Records to process: Begin

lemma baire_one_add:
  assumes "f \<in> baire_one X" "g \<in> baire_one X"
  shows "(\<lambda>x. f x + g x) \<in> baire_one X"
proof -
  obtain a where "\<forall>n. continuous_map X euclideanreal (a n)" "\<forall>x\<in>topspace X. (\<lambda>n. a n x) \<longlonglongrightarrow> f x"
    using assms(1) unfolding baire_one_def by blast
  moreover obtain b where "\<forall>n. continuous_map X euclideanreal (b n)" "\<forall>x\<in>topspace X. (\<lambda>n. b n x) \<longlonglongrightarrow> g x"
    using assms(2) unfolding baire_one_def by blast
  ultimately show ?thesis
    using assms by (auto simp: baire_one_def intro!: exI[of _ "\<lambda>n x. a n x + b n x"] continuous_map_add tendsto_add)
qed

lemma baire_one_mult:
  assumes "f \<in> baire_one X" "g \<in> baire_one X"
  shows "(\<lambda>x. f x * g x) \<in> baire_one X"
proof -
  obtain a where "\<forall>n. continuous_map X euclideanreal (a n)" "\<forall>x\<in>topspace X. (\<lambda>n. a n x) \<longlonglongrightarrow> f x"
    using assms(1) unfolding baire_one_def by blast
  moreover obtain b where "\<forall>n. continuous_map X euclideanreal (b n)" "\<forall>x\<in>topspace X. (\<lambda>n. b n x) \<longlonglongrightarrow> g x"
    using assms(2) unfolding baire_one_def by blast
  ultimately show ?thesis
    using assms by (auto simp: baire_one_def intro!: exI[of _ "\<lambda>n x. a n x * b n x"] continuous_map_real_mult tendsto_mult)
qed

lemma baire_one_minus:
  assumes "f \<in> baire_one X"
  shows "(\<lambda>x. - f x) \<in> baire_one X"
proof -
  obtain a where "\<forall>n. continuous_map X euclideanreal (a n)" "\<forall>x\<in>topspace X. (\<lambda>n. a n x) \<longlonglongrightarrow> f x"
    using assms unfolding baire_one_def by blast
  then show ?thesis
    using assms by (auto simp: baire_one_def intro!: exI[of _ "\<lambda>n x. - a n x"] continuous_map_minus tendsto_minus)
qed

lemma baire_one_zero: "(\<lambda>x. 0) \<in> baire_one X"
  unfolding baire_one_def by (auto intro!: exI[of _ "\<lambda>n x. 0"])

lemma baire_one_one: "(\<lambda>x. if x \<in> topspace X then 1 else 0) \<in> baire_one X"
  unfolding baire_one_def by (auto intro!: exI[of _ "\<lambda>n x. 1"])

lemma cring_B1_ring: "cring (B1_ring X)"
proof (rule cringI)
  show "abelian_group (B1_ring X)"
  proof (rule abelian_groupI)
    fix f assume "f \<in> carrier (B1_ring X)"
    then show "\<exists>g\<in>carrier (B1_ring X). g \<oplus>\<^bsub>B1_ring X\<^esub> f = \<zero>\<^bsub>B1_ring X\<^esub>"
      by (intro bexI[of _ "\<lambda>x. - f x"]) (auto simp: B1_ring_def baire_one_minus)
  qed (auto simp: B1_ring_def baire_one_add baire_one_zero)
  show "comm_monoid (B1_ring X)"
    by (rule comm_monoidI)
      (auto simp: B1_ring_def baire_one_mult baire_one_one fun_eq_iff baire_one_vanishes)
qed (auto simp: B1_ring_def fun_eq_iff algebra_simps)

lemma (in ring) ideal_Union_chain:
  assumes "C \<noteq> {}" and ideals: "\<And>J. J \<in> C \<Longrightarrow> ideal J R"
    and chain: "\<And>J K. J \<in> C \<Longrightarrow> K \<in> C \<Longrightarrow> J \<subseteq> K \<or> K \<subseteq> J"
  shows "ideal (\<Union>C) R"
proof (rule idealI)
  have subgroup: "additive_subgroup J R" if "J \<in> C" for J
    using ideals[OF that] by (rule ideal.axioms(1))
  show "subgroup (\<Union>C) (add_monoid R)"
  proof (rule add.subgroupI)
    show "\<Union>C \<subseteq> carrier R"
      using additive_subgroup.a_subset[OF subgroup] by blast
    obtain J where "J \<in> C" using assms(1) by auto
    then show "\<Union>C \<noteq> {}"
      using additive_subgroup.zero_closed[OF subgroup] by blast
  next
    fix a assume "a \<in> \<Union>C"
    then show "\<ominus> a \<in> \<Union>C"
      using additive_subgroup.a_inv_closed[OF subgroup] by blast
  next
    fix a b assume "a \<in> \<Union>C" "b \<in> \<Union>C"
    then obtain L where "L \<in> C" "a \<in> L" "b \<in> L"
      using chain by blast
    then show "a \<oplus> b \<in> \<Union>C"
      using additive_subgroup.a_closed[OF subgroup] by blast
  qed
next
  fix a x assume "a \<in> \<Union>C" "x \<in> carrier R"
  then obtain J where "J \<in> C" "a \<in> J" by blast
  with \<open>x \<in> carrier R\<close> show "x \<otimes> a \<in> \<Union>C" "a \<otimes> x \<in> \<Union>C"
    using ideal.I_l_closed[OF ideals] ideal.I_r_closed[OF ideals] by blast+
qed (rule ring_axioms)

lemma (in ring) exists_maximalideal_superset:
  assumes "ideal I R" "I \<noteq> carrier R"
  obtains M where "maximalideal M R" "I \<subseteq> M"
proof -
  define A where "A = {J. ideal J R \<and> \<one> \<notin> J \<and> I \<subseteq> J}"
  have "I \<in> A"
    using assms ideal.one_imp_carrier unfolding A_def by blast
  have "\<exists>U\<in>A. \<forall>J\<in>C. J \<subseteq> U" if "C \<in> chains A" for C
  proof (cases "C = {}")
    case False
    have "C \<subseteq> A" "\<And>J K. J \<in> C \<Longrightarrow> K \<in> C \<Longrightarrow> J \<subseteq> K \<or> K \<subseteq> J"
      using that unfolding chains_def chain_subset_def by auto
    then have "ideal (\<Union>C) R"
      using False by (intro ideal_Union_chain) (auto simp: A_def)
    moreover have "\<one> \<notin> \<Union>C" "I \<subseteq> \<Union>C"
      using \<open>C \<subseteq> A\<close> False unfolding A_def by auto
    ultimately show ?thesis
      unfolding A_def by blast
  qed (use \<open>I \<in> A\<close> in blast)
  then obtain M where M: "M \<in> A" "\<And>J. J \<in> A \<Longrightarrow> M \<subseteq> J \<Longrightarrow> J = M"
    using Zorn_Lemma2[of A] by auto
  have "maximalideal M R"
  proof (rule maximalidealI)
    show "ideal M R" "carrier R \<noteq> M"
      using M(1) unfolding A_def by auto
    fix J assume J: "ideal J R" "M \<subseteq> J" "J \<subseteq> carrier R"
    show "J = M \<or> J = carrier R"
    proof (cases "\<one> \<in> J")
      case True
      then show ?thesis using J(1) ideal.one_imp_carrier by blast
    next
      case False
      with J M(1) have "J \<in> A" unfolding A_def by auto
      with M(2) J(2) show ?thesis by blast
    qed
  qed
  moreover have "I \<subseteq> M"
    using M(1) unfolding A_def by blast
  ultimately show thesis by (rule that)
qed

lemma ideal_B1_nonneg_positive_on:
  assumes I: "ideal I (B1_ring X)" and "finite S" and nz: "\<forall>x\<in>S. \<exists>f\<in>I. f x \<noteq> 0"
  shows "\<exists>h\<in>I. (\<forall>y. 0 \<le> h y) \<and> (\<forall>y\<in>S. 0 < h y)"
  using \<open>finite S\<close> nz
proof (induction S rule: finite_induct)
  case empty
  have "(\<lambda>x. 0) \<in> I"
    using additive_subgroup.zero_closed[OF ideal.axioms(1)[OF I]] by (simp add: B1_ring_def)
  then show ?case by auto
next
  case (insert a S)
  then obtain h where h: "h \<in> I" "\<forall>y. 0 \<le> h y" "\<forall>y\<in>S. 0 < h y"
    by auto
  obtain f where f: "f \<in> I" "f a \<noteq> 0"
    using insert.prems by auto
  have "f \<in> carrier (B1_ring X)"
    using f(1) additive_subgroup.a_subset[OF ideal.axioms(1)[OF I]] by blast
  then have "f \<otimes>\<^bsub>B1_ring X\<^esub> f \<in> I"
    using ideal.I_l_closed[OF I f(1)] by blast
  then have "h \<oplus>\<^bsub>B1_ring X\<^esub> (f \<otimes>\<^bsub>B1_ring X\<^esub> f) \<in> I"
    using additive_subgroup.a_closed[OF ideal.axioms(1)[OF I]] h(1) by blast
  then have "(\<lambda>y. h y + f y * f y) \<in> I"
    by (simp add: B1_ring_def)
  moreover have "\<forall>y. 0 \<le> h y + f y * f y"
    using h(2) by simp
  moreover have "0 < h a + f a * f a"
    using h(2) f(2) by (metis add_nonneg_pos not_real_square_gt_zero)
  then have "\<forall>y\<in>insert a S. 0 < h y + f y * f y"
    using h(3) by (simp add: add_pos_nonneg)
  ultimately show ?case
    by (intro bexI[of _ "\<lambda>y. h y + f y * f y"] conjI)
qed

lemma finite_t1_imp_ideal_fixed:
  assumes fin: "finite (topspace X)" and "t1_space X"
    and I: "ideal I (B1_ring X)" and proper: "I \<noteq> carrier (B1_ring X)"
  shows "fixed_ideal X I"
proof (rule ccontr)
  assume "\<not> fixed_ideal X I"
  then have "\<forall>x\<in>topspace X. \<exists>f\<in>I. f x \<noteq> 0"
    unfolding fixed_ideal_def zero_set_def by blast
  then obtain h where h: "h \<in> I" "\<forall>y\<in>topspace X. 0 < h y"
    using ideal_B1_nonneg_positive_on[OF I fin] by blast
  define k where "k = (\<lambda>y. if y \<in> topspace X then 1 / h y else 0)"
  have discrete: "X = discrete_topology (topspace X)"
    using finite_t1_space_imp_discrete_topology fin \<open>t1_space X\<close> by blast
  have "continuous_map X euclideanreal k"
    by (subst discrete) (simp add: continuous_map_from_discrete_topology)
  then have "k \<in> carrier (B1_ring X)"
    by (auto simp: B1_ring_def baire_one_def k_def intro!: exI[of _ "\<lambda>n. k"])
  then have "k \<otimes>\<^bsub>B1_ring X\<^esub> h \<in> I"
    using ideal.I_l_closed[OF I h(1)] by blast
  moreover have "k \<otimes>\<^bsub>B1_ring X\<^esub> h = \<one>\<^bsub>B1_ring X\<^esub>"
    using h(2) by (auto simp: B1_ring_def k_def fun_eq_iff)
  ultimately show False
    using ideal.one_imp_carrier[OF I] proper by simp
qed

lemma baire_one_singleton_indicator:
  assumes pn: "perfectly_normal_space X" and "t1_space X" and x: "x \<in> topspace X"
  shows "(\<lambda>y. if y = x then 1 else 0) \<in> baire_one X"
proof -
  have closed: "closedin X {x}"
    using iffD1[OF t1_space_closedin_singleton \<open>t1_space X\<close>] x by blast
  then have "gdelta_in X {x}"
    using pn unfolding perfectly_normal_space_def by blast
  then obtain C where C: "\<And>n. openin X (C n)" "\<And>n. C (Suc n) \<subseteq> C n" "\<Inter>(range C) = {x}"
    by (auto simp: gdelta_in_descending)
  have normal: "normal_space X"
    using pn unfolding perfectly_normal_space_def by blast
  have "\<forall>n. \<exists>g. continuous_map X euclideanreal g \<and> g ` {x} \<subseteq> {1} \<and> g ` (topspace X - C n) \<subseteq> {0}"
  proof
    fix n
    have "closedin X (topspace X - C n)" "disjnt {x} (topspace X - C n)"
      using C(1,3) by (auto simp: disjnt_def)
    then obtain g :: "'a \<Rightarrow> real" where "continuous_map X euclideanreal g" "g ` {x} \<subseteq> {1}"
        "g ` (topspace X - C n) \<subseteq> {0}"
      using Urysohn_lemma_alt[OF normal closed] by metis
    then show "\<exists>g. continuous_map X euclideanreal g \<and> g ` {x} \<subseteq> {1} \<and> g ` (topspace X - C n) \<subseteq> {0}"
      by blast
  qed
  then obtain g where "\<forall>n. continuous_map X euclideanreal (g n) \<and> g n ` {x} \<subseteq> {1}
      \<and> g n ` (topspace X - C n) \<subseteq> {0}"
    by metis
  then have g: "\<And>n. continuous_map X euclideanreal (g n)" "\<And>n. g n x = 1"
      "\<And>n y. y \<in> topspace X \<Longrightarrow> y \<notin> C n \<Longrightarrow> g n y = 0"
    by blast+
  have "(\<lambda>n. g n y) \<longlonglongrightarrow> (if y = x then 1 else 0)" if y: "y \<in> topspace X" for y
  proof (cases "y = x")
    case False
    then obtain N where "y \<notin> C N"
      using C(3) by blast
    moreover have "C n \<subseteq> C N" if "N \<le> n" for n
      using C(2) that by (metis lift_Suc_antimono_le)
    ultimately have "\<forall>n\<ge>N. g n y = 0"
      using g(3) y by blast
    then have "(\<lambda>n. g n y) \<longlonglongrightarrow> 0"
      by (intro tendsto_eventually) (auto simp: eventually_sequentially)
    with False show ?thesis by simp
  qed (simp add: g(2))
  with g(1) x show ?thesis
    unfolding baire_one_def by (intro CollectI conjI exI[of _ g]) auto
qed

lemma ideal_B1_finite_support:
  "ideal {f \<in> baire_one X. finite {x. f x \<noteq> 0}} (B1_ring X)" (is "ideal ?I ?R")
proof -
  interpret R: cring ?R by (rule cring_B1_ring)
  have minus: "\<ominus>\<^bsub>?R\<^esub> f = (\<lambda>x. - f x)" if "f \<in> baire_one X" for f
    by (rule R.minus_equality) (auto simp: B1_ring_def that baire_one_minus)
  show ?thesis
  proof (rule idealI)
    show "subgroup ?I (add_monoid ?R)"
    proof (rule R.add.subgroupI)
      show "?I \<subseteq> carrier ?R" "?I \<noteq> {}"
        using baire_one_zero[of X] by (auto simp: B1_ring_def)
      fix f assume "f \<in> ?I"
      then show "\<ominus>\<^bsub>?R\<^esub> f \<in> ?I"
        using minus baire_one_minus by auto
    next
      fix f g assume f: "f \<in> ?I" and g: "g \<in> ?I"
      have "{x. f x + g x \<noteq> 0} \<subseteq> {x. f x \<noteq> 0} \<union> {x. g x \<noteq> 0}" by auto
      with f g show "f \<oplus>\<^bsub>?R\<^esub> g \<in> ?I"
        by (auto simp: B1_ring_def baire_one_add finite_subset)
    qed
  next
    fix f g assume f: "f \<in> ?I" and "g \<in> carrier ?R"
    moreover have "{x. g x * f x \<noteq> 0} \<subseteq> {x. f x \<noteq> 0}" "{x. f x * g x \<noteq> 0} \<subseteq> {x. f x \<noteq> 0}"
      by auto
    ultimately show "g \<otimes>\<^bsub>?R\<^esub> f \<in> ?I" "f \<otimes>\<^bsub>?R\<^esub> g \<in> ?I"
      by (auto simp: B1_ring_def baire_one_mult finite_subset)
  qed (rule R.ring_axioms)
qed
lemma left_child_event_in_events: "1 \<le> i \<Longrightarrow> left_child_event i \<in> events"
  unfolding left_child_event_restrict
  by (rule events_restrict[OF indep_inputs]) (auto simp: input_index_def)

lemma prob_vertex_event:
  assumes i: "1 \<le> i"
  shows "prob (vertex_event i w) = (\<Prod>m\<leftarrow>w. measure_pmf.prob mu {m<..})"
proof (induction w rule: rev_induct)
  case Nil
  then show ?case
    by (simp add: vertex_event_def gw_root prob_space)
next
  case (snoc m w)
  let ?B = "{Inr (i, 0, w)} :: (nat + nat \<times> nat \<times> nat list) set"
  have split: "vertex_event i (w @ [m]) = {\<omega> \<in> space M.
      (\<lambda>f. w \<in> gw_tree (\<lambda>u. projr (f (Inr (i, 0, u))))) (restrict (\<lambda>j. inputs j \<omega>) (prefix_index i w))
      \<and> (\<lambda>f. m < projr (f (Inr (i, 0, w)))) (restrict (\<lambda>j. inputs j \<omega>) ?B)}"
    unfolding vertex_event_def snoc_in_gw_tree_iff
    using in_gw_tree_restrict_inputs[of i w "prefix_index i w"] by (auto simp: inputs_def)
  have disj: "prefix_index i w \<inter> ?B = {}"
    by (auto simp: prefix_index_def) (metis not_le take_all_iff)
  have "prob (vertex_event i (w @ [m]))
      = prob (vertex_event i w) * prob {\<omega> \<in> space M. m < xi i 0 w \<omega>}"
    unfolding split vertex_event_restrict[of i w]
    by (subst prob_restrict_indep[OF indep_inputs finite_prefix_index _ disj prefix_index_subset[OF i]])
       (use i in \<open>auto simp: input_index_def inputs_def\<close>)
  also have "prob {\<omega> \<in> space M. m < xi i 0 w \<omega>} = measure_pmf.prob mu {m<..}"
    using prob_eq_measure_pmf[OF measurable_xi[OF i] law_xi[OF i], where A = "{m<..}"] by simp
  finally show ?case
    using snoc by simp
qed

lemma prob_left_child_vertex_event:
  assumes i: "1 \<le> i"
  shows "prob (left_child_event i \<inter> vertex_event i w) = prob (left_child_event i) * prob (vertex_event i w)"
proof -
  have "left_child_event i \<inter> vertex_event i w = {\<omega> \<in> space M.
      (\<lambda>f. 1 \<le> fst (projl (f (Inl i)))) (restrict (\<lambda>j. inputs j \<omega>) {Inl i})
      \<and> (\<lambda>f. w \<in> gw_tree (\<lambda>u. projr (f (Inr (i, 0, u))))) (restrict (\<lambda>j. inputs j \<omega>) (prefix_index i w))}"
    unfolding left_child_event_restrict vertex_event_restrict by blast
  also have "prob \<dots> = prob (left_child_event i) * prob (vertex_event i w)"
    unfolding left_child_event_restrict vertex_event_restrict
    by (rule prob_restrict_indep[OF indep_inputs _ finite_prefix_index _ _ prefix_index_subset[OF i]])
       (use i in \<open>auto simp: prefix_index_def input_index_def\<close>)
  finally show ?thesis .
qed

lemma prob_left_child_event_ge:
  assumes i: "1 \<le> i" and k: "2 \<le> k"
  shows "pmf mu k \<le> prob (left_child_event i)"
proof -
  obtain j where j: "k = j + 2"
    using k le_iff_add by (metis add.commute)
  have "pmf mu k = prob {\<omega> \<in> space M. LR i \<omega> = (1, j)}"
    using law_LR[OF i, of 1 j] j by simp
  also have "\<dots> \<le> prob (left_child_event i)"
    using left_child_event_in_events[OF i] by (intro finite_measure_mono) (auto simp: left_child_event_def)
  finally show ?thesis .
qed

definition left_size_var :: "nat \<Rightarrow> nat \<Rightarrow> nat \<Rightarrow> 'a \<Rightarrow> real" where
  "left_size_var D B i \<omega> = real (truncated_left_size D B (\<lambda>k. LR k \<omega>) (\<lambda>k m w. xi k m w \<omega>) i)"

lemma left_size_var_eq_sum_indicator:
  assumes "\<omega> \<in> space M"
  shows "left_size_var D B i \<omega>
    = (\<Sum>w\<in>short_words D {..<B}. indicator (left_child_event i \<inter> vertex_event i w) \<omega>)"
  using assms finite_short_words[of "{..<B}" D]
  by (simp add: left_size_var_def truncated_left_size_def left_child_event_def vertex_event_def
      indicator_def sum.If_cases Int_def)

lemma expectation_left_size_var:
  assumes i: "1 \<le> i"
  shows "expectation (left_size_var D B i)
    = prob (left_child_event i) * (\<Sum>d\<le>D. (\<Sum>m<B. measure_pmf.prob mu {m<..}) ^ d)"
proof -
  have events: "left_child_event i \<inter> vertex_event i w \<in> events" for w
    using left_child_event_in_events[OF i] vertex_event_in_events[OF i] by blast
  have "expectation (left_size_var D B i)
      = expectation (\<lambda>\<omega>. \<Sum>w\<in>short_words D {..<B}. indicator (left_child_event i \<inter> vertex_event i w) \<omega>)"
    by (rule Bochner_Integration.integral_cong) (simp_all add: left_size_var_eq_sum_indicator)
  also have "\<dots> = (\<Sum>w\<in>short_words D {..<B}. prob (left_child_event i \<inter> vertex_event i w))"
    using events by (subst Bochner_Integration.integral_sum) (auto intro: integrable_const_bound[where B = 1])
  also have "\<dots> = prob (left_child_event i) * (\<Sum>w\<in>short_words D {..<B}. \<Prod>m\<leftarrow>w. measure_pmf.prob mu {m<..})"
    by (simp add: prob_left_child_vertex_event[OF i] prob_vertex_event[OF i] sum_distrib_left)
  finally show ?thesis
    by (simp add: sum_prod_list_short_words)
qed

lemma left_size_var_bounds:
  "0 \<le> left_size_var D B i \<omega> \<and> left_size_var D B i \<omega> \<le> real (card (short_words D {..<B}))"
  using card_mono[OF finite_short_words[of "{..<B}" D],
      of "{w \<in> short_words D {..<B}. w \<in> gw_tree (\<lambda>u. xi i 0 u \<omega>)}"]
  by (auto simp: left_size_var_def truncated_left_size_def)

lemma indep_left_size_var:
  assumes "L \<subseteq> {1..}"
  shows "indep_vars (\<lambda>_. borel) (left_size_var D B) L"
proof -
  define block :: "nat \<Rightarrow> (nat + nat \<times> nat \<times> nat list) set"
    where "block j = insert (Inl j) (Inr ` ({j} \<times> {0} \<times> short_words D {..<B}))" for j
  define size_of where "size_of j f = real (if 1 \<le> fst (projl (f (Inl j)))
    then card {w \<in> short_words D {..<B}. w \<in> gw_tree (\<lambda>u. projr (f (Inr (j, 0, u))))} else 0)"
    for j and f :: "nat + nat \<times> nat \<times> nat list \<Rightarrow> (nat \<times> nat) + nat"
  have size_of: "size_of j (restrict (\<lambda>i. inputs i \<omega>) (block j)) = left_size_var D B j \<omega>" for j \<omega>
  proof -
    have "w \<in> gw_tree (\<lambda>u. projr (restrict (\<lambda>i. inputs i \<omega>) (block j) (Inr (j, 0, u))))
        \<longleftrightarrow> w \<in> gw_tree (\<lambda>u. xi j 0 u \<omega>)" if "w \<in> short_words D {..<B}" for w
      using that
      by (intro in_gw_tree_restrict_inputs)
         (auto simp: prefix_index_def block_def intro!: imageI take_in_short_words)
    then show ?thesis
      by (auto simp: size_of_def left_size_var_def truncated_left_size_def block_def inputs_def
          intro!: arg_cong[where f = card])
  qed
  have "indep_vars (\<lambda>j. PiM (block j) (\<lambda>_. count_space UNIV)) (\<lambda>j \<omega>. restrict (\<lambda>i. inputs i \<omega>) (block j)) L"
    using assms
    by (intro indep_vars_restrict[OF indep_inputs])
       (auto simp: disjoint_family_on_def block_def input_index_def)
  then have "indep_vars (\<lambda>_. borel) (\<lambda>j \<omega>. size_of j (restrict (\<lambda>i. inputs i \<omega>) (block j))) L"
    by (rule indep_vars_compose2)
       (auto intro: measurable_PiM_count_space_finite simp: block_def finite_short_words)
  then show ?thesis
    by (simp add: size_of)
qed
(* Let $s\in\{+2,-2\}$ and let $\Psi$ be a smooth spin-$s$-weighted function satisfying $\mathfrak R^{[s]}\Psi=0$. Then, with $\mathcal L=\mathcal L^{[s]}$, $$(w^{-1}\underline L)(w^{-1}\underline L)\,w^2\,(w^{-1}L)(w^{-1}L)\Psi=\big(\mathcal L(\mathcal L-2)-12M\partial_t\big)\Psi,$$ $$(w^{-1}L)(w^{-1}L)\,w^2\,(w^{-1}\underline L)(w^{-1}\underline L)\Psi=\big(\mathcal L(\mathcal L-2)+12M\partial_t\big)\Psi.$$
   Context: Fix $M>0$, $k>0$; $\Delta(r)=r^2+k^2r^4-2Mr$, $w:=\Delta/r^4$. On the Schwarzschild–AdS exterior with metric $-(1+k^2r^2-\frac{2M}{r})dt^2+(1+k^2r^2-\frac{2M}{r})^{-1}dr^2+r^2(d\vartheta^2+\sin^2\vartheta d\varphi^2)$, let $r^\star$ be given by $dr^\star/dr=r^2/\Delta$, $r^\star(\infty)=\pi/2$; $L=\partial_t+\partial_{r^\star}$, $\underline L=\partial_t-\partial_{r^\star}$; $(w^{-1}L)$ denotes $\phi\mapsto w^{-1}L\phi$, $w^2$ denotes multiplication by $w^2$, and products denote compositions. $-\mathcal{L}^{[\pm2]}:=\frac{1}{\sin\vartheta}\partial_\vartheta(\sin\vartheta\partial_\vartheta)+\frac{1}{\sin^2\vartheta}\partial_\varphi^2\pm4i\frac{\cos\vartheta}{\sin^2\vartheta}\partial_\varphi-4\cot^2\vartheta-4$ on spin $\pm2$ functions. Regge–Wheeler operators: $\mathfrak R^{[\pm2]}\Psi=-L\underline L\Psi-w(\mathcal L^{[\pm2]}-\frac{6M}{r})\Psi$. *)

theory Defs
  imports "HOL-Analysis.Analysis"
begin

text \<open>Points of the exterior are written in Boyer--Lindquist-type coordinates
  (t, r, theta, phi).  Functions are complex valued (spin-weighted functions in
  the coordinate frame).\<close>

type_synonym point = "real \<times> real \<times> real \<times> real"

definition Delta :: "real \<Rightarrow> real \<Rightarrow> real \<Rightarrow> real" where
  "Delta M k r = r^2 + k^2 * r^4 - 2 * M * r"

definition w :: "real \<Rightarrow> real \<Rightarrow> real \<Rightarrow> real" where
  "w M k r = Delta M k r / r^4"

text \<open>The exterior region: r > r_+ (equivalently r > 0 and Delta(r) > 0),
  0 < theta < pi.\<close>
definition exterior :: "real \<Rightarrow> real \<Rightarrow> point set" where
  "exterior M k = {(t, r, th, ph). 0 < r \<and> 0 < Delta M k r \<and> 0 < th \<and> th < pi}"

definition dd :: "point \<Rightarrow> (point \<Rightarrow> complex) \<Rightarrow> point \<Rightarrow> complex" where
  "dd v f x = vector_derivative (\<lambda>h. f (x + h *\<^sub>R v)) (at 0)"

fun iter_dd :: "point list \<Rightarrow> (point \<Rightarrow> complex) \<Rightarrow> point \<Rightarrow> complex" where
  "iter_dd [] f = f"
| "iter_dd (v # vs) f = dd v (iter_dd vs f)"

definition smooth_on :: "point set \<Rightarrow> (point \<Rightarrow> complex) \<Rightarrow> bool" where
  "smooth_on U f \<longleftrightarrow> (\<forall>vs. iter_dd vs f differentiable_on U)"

Records to process: End

* **Task**: In the entries above, find each line containing the string "definition" and copy it.

* **Task result**:
definition left_size_var :: "nat \<Rightarrow> nat \<Rightarrow> nat \<Rightarrow> 'a \<Rightarrow> real" where
definition Delta :: "real \<Rightarrow> real \<Rightarrow> real \<Rightarrow> real" where
definition w :: "real \<Rightarrow> real \<Rightarrow> real \<Rightarrow> real" where
definition exterior :: "real \<Rightarrow> real \<Rightarrow> point set" where
definition dd :: "point \<Rightarrow> (point \<Rightarrow> complex) \<Rightarrow> point \<Rightarrow> complex" where
definition smooth_on :: "point set \<Rightarrow> (point \<Rightarrow> complex) \<Rightarrow> bool" where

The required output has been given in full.